● EXERCISE
In the data, find each line where the word "shows" appears and list that line.

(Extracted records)
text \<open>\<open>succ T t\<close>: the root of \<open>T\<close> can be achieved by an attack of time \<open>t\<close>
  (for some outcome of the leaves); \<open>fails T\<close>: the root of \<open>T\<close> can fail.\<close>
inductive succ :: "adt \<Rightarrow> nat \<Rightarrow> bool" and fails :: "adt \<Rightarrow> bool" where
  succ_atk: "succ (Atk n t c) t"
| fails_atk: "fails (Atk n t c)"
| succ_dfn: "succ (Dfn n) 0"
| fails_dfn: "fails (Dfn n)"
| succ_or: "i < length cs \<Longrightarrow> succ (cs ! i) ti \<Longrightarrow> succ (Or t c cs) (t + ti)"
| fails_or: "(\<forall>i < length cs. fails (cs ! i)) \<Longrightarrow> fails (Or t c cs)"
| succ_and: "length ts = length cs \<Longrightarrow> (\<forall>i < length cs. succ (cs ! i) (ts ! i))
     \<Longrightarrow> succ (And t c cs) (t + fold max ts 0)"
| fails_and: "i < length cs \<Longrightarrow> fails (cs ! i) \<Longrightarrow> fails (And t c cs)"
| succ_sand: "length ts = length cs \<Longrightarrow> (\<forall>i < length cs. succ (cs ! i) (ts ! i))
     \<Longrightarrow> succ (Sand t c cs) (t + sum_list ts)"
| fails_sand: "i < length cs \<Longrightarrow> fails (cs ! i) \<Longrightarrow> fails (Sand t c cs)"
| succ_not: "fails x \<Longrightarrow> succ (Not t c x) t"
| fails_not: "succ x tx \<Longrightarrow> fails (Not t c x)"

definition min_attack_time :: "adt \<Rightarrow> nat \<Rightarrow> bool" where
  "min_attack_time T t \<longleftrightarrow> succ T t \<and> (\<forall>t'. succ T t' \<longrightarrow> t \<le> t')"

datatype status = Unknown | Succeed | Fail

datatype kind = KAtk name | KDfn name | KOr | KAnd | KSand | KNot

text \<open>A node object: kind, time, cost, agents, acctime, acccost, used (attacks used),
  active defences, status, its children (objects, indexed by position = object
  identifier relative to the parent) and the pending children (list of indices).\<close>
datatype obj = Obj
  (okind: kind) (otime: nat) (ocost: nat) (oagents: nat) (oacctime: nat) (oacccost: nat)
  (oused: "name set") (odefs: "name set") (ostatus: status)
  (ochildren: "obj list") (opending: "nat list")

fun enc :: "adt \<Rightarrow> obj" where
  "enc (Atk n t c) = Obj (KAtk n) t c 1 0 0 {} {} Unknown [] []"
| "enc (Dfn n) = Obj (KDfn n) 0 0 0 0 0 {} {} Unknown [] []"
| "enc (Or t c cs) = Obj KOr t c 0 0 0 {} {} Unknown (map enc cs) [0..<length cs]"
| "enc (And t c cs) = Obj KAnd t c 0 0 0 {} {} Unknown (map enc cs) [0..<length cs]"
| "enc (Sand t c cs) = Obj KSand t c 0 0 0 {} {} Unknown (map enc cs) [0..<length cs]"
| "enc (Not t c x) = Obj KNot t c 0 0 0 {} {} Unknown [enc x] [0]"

---

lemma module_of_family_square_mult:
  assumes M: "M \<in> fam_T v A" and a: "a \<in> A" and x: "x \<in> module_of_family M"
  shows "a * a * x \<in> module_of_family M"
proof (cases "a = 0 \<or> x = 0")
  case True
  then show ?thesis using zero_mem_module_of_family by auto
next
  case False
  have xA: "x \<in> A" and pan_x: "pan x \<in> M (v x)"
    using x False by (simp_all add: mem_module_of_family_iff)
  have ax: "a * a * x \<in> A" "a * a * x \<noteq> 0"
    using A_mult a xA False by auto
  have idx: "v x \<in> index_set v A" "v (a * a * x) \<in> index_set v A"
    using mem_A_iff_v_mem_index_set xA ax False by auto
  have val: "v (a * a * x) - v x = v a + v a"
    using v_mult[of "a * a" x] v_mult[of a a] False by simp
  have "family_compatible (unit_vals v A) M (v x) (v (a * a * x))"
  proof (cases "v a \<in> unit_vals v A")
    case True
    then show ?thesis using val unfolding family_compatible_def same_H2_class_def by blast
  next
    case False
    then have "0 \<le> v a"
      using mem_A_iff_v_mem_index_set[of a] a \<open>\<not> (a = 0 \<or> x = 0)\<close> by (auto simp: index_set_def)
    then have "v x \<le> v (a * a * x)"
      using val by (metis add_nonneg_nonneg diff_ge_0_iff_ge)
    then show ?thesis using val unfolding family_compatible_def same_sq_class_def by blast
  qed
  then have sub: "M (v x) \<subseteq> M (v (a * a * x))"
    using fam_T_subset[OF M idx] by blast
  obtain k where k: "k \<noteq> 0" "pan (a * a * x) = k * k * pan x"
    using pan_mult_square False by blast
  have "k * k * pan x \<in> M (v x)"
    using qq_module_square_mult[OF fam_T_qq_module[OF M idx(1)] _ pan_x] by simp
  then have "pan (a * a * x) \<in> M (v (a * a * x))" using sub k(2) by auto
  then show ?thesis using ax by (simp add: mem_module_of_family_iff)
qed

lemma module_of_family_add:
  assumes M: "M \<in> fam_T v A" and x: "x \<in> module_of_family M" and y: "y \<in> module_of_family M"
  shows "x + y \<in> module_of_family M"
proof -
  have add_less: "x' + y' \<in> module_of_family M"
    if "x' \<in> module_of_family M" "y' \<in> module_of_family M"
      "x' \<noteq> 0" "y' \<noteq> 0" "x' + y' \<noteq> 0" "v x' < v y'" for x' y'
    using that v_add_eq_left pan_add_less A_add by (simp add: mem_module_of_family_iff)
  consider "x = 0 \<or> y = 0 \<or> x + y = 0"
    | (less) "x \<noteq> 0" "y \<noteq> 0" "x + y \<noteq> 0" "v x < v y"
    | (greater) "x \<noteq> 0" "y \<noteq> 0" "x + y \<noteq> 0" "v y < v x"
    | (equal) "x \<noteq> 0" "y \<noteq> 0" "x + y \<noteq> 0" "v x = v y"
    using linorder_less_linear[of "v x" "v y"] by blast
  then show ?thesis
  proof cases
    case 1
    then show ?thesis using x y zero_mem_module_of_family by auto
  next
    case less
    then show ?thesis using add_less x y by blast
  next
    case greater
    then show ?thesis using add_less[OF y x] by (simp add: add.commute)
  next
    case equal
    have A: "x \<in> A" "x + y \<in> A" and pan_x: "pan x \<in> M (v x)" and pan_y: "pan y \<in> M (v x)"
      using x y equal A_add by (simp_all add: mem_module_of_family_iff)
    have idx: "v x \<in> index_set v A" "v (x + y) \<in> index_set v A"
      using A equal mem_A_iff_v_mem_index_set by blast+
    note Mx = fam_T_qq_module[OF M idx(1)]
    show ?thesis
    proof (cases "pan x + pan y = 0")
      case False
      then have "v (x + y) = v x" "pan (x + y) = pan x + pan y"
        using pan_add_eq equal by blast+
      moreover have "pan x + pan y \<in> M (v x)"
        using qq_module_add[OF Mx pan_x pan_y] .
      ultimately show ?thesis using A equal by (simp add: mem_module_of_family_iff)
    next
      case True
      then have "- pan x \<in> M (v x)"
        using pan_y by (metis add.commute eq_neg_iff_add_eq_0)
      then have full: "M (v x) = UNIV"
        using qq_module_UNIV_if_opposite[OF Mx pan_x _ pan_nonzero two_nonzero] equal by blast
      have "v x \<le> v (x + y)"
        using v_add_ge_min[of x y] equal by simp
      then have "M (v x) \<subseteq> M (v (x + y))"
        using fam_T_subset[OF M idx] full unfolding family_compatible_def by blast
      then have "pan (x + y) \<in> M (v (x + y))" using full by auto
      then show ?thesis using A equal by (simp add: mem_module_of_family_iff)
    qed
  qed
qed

● RESULT OF THE TASK
  shows "a * a * x \<in> module_of_family M"
  shows "x + y \<in> module_of_family M"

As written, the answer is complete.